--- Records supplied Enclosed Below ---

(* Let $A=kQ/I$ be a gentle algebra with connected quiver, with ribbon surface $S_A$, marked points $M$ and lamination $L_A$, and let $B_1,\dots,B_n$ be the boundary components of $S_A$. For each $i$ let $b_i$ be the number of marked points on $B_i$, let $l_i$ be the number of endpoints of laminates of $L_A$ lying on $B_i$ (a laminate with both endpoints on $B_i$ counted twice), and let $c_i=l_i-b_i$. Then the AG-invariant of $A$ is given by the multiset of pairs $\{(b_i,c_i):1\le i\le n\}$; that is, $\phi_A(x,y)=\#\{i:(b_i,c_i)=(x,y)\}$. Furthermore, if $b_i\ne0$, then $c_i=\sum_j(k_j-2)$, where $j$ runs over the pieces of $S_A$ cut out by the edges of $\Gamma_A$ that are $k_j$-gons having a side which is a boundary segment of $B_i$.
   Context: $A=kQ/I$ gentle: finite quiver, admissible ideal generated by length-2 paths, each arrow $\alpha$ has at most one $\beta$ with $\alpha\beta\in I$, at most one $\gamma$ with $\gamma\alpha\in I$, at most one $\beta'$ with $\alpha\beta'\notin I$, at most one $\gamma'$ with $\gamma'\alpha\notin I$ (paths composed left to right). $\mathcal M$: maximal paths $w\notin I$; $\mathcal M_0$: trivial paths $e_v$ with $v$ incident to exactly one arrow, or target of exactly one $\alpha$ and source of exactly one $\beta$ with $\alpha\beta\notin I$; $\overline{\mathcal M}=\mathcal M\cup\mathcal M_0$. $\Gamma_A$: marked ribbon graph with vertices $\overline{\mathcal M}$, one half-edge labelled $i$ per passage of $\omega$ through vertex $i$ of $Q$, the two half-edges labelled $i$ forming an edge, cyclic order following $\omega$ (end back to start), marking at the end. $S_A$: its ribbon surface (one $2d$-gon per vertex of valency $d$, alternate sides labelled by half-edges, paired sides glued), with $\Gamma_A$ embedded so that its vertices are the marked points $M\subset\partial S_A$. The edges of $\Gamma_A$ cut $S_A$ into polygons, each having either exactly one side on the boundary or enclosing an unmarked boundary component. $L_A$: the lamination with one simple curve (between unmarked boundary points) per vertex $i$ of $Q$, crossing edge $i$ of $\Gamma_A$ once and no other edge. AG-invariant: let $\mathcal F$ be the set of paths $\alpha_1\cdots\alpha_r$ ($r\ge1$) with all $\alpha_j\alpha_{j+1}\in I$, maximal with this property, and $\mathcal F_0=\{e_v\}$ for $v$ incident to exactly one arrow or target of exactly one $\alpha$ and source of exactly one $\beta$ with $\alpha\beta\in I$. Start with $H_0=m_0\in\overline{\mathcal M}$. Given $H_i=m_i$, let $F_i=f_i$ be the unique element of $\mathcal F$ with $t(f_i)=t(m_i)$ such that, if $m_i=p\alpha$ with $\alpha$ an arrow, then $f_i=q\beta$ with $\beta\ne\alpha$ an arrow; if none exists, $f_i=e_{t(m_i)}\in\mathcal F_0$. Let $H_{i+1}=m_{i+1}$ be the unique element of $\mathcal M$ with $s(m_{i+1})=s(f_i)$ such that, if $f_i=\gamma q$ with $\gamma$ an arrow, then $m_{i+1}=\delta r$ with $\delta\ne\gamma$ an arrow; if none exists, $m_{i+1}=e_{s(f_i)}\in\mathcal M_0$. Stop at the first $k$ with $H_k=H_0$ and record the pair $(k,\ell)$, $\ell$ the total number of arrows in $F_0,\dots,F_{k-1}$. Repeat from elements of $\overline{\mathcal M}$ not yet reached until each element of $\overline{\mathcal M}$ has occurred once; then add a pair $(0,m)$ for each oriented cycle $\alpha_1\cdots\alpha_m$ with all consecutive compositions (including $\alpha_m\alpha_1$) in $I$, counted up to rotation. $\phi_A:\mathbb N\times\mathbb N\to\mathbb N$ sends $(x,y)$ to the number of recorded pairs equal to $(x,y)$. *)

theory Defs
  imports Main
begin
lemma dense_in_itself_imp_cantor_scheme:
  assumes X: "regular_space X" "Hausdorff_space X" and S: "S \<noteq> {}" "dense_in_itself X S"
  obtains F where "cantor_scheme X F"
proof -
  define P where "P U \<longleftrightarrow> openin X U \<and> U \<inter> S \<noteq> {}" for U
  define splits where "splits U V \<longleftrightarrow> (\<forall>i. P (V i) \<and> X closure_of V i \<subseteq> U) \<and>
      disjnt (X closure_of V True) (X closure_of V False)" for U and V :: "bool \<Rightarrow> 'a set"
  have "\<exists>V. P U \<longrightarrow> splits U V" for U
  proof (cases "P U")
    case True
    then obtain U0 U1 where "openin X U0" "openin X U1" "U0 \<inter> S \<noteq> {}" "U1 \<inter> S \<noteq> {}"
      "X closure_of U0 \<subseteq> U" "X closure_of U1 \<subseteq> U" "disjnt (X closure_of U0) (X closure_of U1)"
      using dense_in_itself_split[OF X S(2), of U] unfolding P_def by blast
    then have "splits U (\<lambda>i. if i then U0 else U1)"
      by (simp add: splits_def P_def all_bool_eq)
    then show ?thesis by blast
  qed simp
  then obtain child where child: "\<And>U. P U \<Longrightarrow> splits U (child U)"
    by metis
  define T where "T s = foldl child (topspace X) s" for s
  have P_T: "P (T s)" for s
  proof (induction s rule: rev_induct)
    case Nil
    show ?case using S by (simp add: T_def P_def dense_in_itself_def Int_absorb1)
  next
    case (snoc i s)
    then show ?case using child[of "T s"] by (simp add: T_def splits_def)
  qed
  have T_sub: "T s \<subseteq> X closure_of T s" for s
    using P_T[of s] by (simp add: P_def closure_of_subset openin_subset)
  have "cantor_scheme X (\<lambda>s. X closure_of T s)"
    unfolding cantor_scheme_def
  proof (intro allI conjI)
    fix s
    show "closedin X (X closure_of T s)" by simp
    show "X closure_of T s \<noteq> {}" using P_T[of s] T_sub[of s] by (auto simp: P_def)
    show "X closure_of T (s @ [i]) \<subseteq> X closure_of T s" for i
      using child[OF P_T[of s]] T_sub[of s] by (auto simp: T_def splits_def)
    show "disjnt (X closure_of T (s @ [True])) (X closure_of T (s @ [False]))"
      using child[OF P_T[of s]] by (simp add: T_def splits_def)
  qed
  then show thesis by (rule that)
qed

lemma compact_space_decseq_closedin_eventually_subset:
  assumes X: "compact_space X" and C: "\<And>n. closedin X (C n)" "decseq C"
    and V: "openin X V" "(\<Inter>n. C n) \<subseteq> V"
  shows "\<forall>\<^sub>F n in sequentially. C n \<subseteq> V"
proof -
  have "\<exists>n. C n \<subseteq> V"
  proof (rule ccontr)
    assume "\<nexists>n. C n \<subseteq> V"
    then have "(\<Inter>n. C n - V) \<noteq> {}"
    proof (intro compact_space_imp_nest[OF X])
      show "decseq (\<lambda>n. C n - V)"
        using \<open>decseq C\<close> by (auto simp: decseq_def)
    qed (use C V(1) in \<open>auto simp: closedin_diff\<close>)
    with V(2) show False by blast
  qed
  then obtain N where "C N \<subseteq> V" by blast
  then show ?thesis
    using \<open>decseq C\<close> by (intro eventually_sequentiallyI[of N]) (blast dest: decseqD)
qed

lemma cantor_scheme_decseq:
  "cantor_scheme X F \<Longrightarrow> decseq (\<lambda>k. F (map b [0..<k]))"
  by (rule decseq_SucI) (simp add: cantor_scheme_def)

lemma cantor_branch_subset: "cantor_branch F b \<subseteq> F (map b [0..<k])"
  by (auto simp: cantor_branch_def)

lemma cantor_branch_nonempty:
  assumes "compact_space X" "cantor_scheme X F"
  shows "cantor_branch F b \<noteq> {}"
  unfolding cantor_branch_def
  using assms cantor_scheme_decseq[OF assms(2)]
  by (intro compact_space_imp_nest) (auto simp: cantor_scheme_def)

lemma cantor_branch_eventually_subset:
  assumes "compact_space X" "cantor_scheme X F" "openin X V" "cantor_branch F b \<subseteq> V"
  shows "\<forall>\<^sub>F k in sequentially. F (map b [0..<k]) \<subseteq> V"
  using assms cantor_scheme_decseq[OF assms(2)]
  by (intro compact_space_decseq_closedin_eventually_subset) (auto simp: cantor_scheme_def cantor_branch_def)

lemma cantor_branches_disjoint:
  assumes F: "cantor_scheme X F" and "b \<noteq> b'"
  shows "disjnt (cantor_branch F b) (cantor_branch F b')"
proof -
  define j where "j = (LEAST j. b j \<noteq> b' j)"
  have bj: "b j \<noteq> b' j"
    unfolding j_def by (rule LeastI_ex) (use \<open>b \<noteq> b'\<close> in \<open>auto simp: fun_eq_iff\<close>)
  have "map b' [0..<j] = map b [0..<j]"
    by (rule map_cong) (auto simp: j_def dest: not_less_Least)
  then have "map b' [0..<Suc j] = map b [0..<j] @ [b' j]"
    by simp
  then have "cantor_branch F b' \<subseteq> F (map b [0..<j] @ [b' j])"
    using cantor_branch_subset[of F b' "Suc j"] by (simp only:)
  moreover have "cantor_branch F b \<subseteq> F (map b [0..<j] @ [b j])"
    using cantor_branch_subset[of F b "Suc j"] by simp
  moreover have "disjnt (F (map b [0..<j] @ [b j])) (F (map b [0..<j] @ [b' j]))"
    using F bj by (cases "b j") (auto simp: cantor_scheme_def disjnt_sym)
  ultimately show ?thesis by (meson disjnt_subset1 disjnt_subset2)
qed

--- End of Enclosed Records supplied ---

§ **Your assignment**
Go to the line in the material above that contains "then show ?case" and copy exactly from there through the line that contains "[i]) \<subseteq> X", stopping after it.

§ **Answer area**
    then show ?case using child[of "T s"] by (simp add: T_def splits_def)
  qed
  have T_sub: "T s \<subseteq> X closure_of T s" for s
    using P_T[of s] by (simp add: P_def closure_of_subset openin_subset)
  have "cantor_scheme X (\<lambda>s. X closure_of T s)"
    unfolding cantor_scheme_def
  proof (intro allI conjI)
    fix s
    show "closedin X (X closure_of T s)" by simp
    show "X closure_of T s \<noteq> {}" using P_T[of s] T_sub[of s] by (auto simp: P_def)
    show "X closure_of T (s @ [i]) \<subseteq> X closure_of T s" for i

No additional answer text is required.